lemma
  shows arity_n_ge_2: "2 \<le> n"
    and canonical_hypergroup_R: "canonical_hypergroup m f' zr"
    and g'_commute [rule_format]:
      "\<forall>xs ys. length xs = n \<longrightarrow> mset xs = mset ys \<longrightarrow> g' xs = g' ys"
    and g'_assoc [rule_format]:
      "\<forall>xs. length xs = 2 * n - 1 \<longrightarrow> (\<forall>i<n. \<forall>j<n.
         g' (take i xs @ g' (take n (drop i xs)) # drop (i + n) xs) =
         g' (take j xs @ g' (take n (drop j xs)) # drop (j + n) xs))"
    and g'_distrib [rule_format]:
      "\<forall>xs ys i. length xs = n \<longrightarrow> length ys = m \<longrightarrow> i < n \<longrightarrow>
         (\<lambda>y. g' (xs[i := y])) ` f' ys = f' (map (\<lambda>y. g' (xs[i := y])) ys)"
    and g'_zero [rule_format]: "\<forall>xs i. length xs = n \<longrightarrow> i < n \<longrightarrow> g' (xs[i := zr]) = zr"
    and g'_ones [rule_format]: "\<forall>x. g' (x # replicate (n - 1) one) = x"
  by (insert hypermodule,
      unfold hypermodule_def krasner_hyperring_def hcomm_def nary_semigroup_def,
      (elim conjE; assumption)+)

lemma
  shows canonical_hypergroup_M: "canonical_hypergroup m f zm"
    and g_f_distrib [rule_format]:
      "\<forall>rs xs. length rs = n - 1 \<longrightarrow> length xs = m \<longrightarrow>
         (\<Union>y\<in>f xs. g rs y) = hlift f (map (g rs) xs)"
    and g_f'_distrib [rule_format]:
      "\<forall>rs i ss x. length rs = n - 1 \<longrightarrow> i < n - 1 \<longrightarrow> length ss = m \<longrightarrow>
         (\<Union>s\<in>f' ss. g (rs[i := s]) x) = hlift f (map (\<lambda>s. g (rs[i := s]) x) ss)"
    and g_assoc [rule_format]:
      "\<forall>rs i x. length rs = 2 * n - 2 \<longrightarrow> i < n - 1 \<longrightarrow>
         g (take i rs @ g' (take n (drop i rs)) # drop (i + n) rs) x =
         (\<Union>y\<in>g (drop (n - 1) rs) x. g (take (n - 1) rs) y)"
    and g_zero_scalar [rule_format]:
      "\<forall>rs i x. length rs = n - 1 \<longrightarrow> i < n - 1 \<longrightarrow> g (rs[i := zr]) x = {zm}"
    and g_ones [rule_format]: "\<forall>x. g (replicate (n - 1) one) x = {x}"
    and g_zero [rule_format]: "\<forall>rs. length rs = n - 1 \<longrightarrow> g rs zm = {zm}"
  by (insert hypermodule, unfold hypermodule_def, (elim conjE; assumption)+)

sublocale R: canonical_hgroup m f' zr
  by unfold_locales (rule canonical_hypergroup_R)

sublocale M: canonical_hgroup m f zm
  by unfold_locales (rule canonical_hypergroup_M)

definition mul :: "'r \<Rightarrow> 'r \<Rightarrow> 'r" where
  "mul a b = g' (a # b # replicate (n - 2) one)"

definition act :: "'r \<Rightarrow> 'm \<Rightarrow> 'm set" where
  "act r x = g (r # replicate (n - 2) one) x"

text \<open>Only meaningful for lists of length at most \<open>n\<close>: the padding \<open>n - length rs\<close> truncates.\<close>

definition mul_list :: "'r list \<Rightarrow> 'r" where
  "mul_list rs = g' (rs @ replicate (n - length rs) one)"

lemma n_eq_Suc_Suc: obtains k where "n = Suc (Suc k)"
  using arity_n_ge_2 by (metis add_2_eq_Suc le_Suc_ex)

lemma mul_commute: "mul a b = mul b a"
  unfolding mul_def by (rule g'_commute) (use arity_n_ge_2 in auto)

lemma mul_one_left: "mul one x = x"
proof -
  obtain k where k: "n = Suc (Suc k)" by (rule n_eq_Suc_Suc)
  have "mul one x = g' (x # replicate (n - 1) one)"
    unfolding mul_def by (rule g'_commute) (auto simp: k)
  then show ?thesis
    using g'_ones by simp
qed

lemma mul_zero_right: "mul x zr = zr"
  using g'_zero[of "x # one # replicate (n - 2) one" 1] arity_n_ge_2 by (simp add: mul_def)

lemma mul_assoc: "mul (mul a b) c = mul a (mul b c)"
proof -
  obtain k where k: "n = Suc (Suc k)" by (rule n_eq_Suc_Suc)
  define xs where "xs = a # b # replicate k one @ c # replicate k one"
  have "g' (take 0 xs @ g' (take n (drop 0 xs)) # drop (0 + n) xs) =
      g' (take 1 xs @ g' (take n (drop 1 xs)) # drop (1 + n) xs)"
    by (rule g'_assoc) (auto simp: xs_def k)
  then have "g' (g' (a # b # replicate k one) # c # replicate k one) =
      g' (a # g' (b # replicate k one @ [c]) # replicate k one)"
    by (simp add: xs_def k)
  moreover have "g' (b # replicate k one @ [c]) = mul b c"
    unfolding mul_def by (rule g'_commute) (auto simp: k)
  ultimately show ?thesis
    unfolding mul_def by (simp add: k)
qed

lemma g'_Cons: assumes "length rs = n - 1" shows "g' (a # rs) = mul a (g' (one # rs))"
proof -
  obtain k where k: "n = Suc (Suc k)" by (rule n_eq_Suc_Suc)
  define xs where "xs = (a # replicate k one) @ (one # rs)"
  have "g' (take 0 xs @ g' (take n (drop 0 xs)) # drop (0 + n) xs) =
      g' (take (n - 1) xs @ g' (take n (drop (n - 1) xs)) # drop ((n - 1) + n) xs)"
    by (rule g'_assoc) (use assms in \<open>auto simp: xs_def k\<close>)
  then have "g' (g' (a # replicate (Suc k) one) # rs) = g' (a # replicate k one @ [g' (one # rs)])"
    using assms by (simp add: xs_def k replicate_append_same)
  moreover have "g' (a # replicate (Suc k) one) = a"
    using g'_ones by (simp add: k)
  moreover have "g' (a # replicate k one @ [g' (one # rs)]) = mul a (g' (one # rs))"
    unfolding mul_def by (rule g'_commute) (auto simp: k)
  ultimately show ?thesis
    by simp
qed

lemma mul_list_Nil: "mul_list [] = one"
  using g'_ones[of one] arity_n_ge_2 by (simp add: mul_list_def flip: replicate_Suc)

lemma mul_list_Cons: assumes "length rs < n" shows "mul_list (a # rs) = mul a (mul_list rs)"
proof -
  have "mul_list (a # rs) = g' (a # (rs @ replicate (n - Suc (length rs)) one))"
    unfolding mul_list_def by simp
  also have "\<dots> = mul a (g' (one # rs @ replicate (n - Suc (length rs)) one))"
    by (rule g'_Cons) (use assms in auto)
  also have "g' (one # rs @ replicate (n - Suc (length rs)) one) = mul_list rs"
    unfolding mul_list_def
  proof (rule g'_commute)
    have "n - length rs = Suc (n - Suc (length rs))"
      using assms by simp
    then show "mset (one # rs @ replicate (n - Suc (length rs)) one) =
        mset (rs @ replicate (n - length rs) one)"
      by simp
  qed (use assms in simp)
  finally show ?thesis .
qed

lemma mul_list_perm: "mset rs = mset ss \<Longrightarrow> length rs \<le> n \<Longrightarrow> mul_list rs = mul_list ss"
  unfolding mul_list_def by (metis g'_commute length_append length_replicate le_add_diff_inverse
      mset_append size_mset)

lemma mul_list_append_ones:
  "length rs + k \<le> n \<Longrightarrow> mul_list (rs @ replicate k one) = mul_list rs"
  unfolding mul_list_def by (simp add: replicate_add[symmetric])

lemma g_eq_act_mul_list: assumes "length rs = n - 1" shows "g rs x = act (mul_list rs) x"
proof -
  obtain k where k: "n = Suc (Suc k)" by (rule n_eq_Suc_Suc)
  define xs where "xs = rs @ replicate (n - 1) one"
  have "g (take 0 xs @ g' (take n (drop 0 xs)) # drop (0 + n) xs) x =
        (\<Union>y\<in>g (drop (n - 1) xs) x. g (take (n - 1) xs) y)"
    by (rule g_assoc) (use assms in \<open>auto simp: xs_def k\<close>)
  moreover have "take n xs = rs @ [one]" "drop n xs = replicate k one"
    "drop (n - 1) xs = replicate (n - 1) one" "take (n - 1) xs = rs"
    using assms by (auto simp: xs_def k)
  ultimately have "g (g' (rs @ [one]) # replicate k one) x = g rs x"
    using g_ones by simp
  moreover have "mul_list rs = g' (rs @ [one])"
    unfolding mul_list_def using assms by (simp add: k)
  ultimately show ?thesis
    unfolding act_def by (simp add: k)
qed

lemma act_mul: "act (mul a b) x = (\<Union>y\<in>act b x. act a y)"
proof -
  obtain k where k: "n = Suc (Suc k)" by (rule n_eq_Suc_Suc)
  define xs where "xs = (a # replicate k one) @ (b # replicate k one)"
  have "g (take 0 xs @ g' (take n (drop 0 xs)) # drop (0 + n) xs) x =
        (\<Union>y\<in>g (drop (n - 1) xs) x. g (take (n - 1) xs) y)"
    by (rule g_assoc) (auto simp: xs_def k)
  moreover have "take n xs = a # replicate k one @ [b]" "drop n xs = replicate k one"
    "drop (n - 1) xs = b # replicate k one" "take (n - 1) xs = a # replicate k one"
    by (auto simp: xs_def k)
  moreover have "g' (a # replicate k one @ [b]) = mul a b"
    unfolding mul_def by (rule g'_commute) (auto simp: k)
  ultimately show ?thesis
    unfolding act_def by (simp add: k)
qed

lemma act_one: "act one x = {x}"
proof -
  have "Suc (n - 2) = n - 1"
    using arity_n_ge_2 by arith
  then show ?thesis
    using g_ones[of x] by (simp add: act_def flip: replicate_Suc)
qed

lemma act_zero: "act r zm = {zm}"
  unfolding act_def by (rule g_zero) (use arity_n_ge_2 in auto)

lemma act_zero_scalar: "act zr x = {zm}"
  using g_zero_scalar[of "one # replicate (n - 2) one" 0] arity_n_ge_2 by (simp add: act_def)

lemma act_f_distrib: "length xs = m \<Longrightarrow> (\<Union>y\<in>f xs. act r y) = hlift f (map (act r) xs)"
  unfolding act_def by (rule g_f_distrib) (use arity_n_ge_2 in auto)

lemma hneg_mem_act: "M.hneg x \<in> act (R.hneg one) x"
proof -
  \<comment> \<open>distribute \<open>0 \<in> 1 + (-1)\<close> over \<open>x\<close>: \<open>0 \<in> x + (-1) x\<close>, and inverses are unique\<close>
  obtain k where k: "m = Suc (Suc k)"
    using R.arity_ge_2 by (metis add_2_eq_Suc le_Suc_ex)
  define ss where "ss = one # R.hneg one # replicate k zr"
  have "(\<Union>s\<in>f' ss. g ((replicate (n - 1) one)[0 := s]) x) =
      hlift f (map (\<lambda>s. g ((replicate (n - 1) one)[0 := s]) x) ss)"
    by (rule g_f'_distrib) (use arity_n_ge_2 in \<open>auto simp: ss_def k\<close>)
  moreover have "(replicate (n - 1) one)[0 := s] = s # replicate (n - 2) one" for s
    using arity_n_ge_2 by (cases n; cases "n - 1") auto
  ultimately have distrib: "(\<Union>s\<in>f' ss. act s x) = hlift f (map (\<lambda>s. act s x) ss)"
    unfolding act_def by simp
  have "zr \<in> f' ss"
    using R.zero_mem_F_hneg[of one] by (simp add: ss_def k)
  then have "zm \<in> hlift f (map (\<lambda>s. act s x) ss)"
    using distrib act_zero_scalar by blast
  then have "zm \<in> hlift f ([{x}, act (R.hneg one) x] @ replicate k {zm})"
    by (simp add: ss_def act_one act_zero_scalar map_replicate_const)
  then obtain y where "y \<in> act (R.hneg one) x" "zm \<in> f (x # y # replicate k zm)"
    unfolding mem_hlift_pair by auto
  moreover have "M.hneg x = y"
    by (rule M.hneg_unique) (use calculation in \<open>simp add: k\<close>)
  ultimately show ?thesis
    by simp
qed

lemma subhypermodule_g_subset:
  assumes "subhypermodule m n f g N" and "x \<in> N" and "length rs = n - 1"
  shows "g rs x \<subseteq> N"
proof -
  have "list_all2 (\<lambda>r A. r \<in> A) rs (replicate (n - 1) UNIV)"
    using assms(3) by (simp add: list_all2_conv_all_nth)
  then have "g rs x \<subseteq> gset g (replicate (n - 1) UNIV) N"
    using assms(2) unfolding gset_def by blast
  then show ?thesis
    using assms(1) unfolding subhypermodule_def by blast
qed

lemma subhypermodule_act_subset: "subhypermodule m n f g N \<Longrightarrow> x \<in> N \<Longrightarrow> act r x \<subseteq> N"
  unfolding act_def by (rule subhypermodule_g_subset) (use arity_n_ge_2 in auto)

........

Could you reproduce, exactly, every line above from the line with "g' (take i xs" to the line with "m \<longrightarrow> i < n \<longrightarrow>", and no other line? Both ends count.

         g' (take i xs @ g' (take n (drop i xs)) # drop (i + n) xs) =
         g' (take j xs @ g' (take n (drop j xs)) # drop (j + n) xs))"
    and g'_distrib [rule_format]:
      "\<forall>xs ys i. length xs = n \<longrightarrow> length ys = m \<longrightarrow> i < n \<longrightarrow>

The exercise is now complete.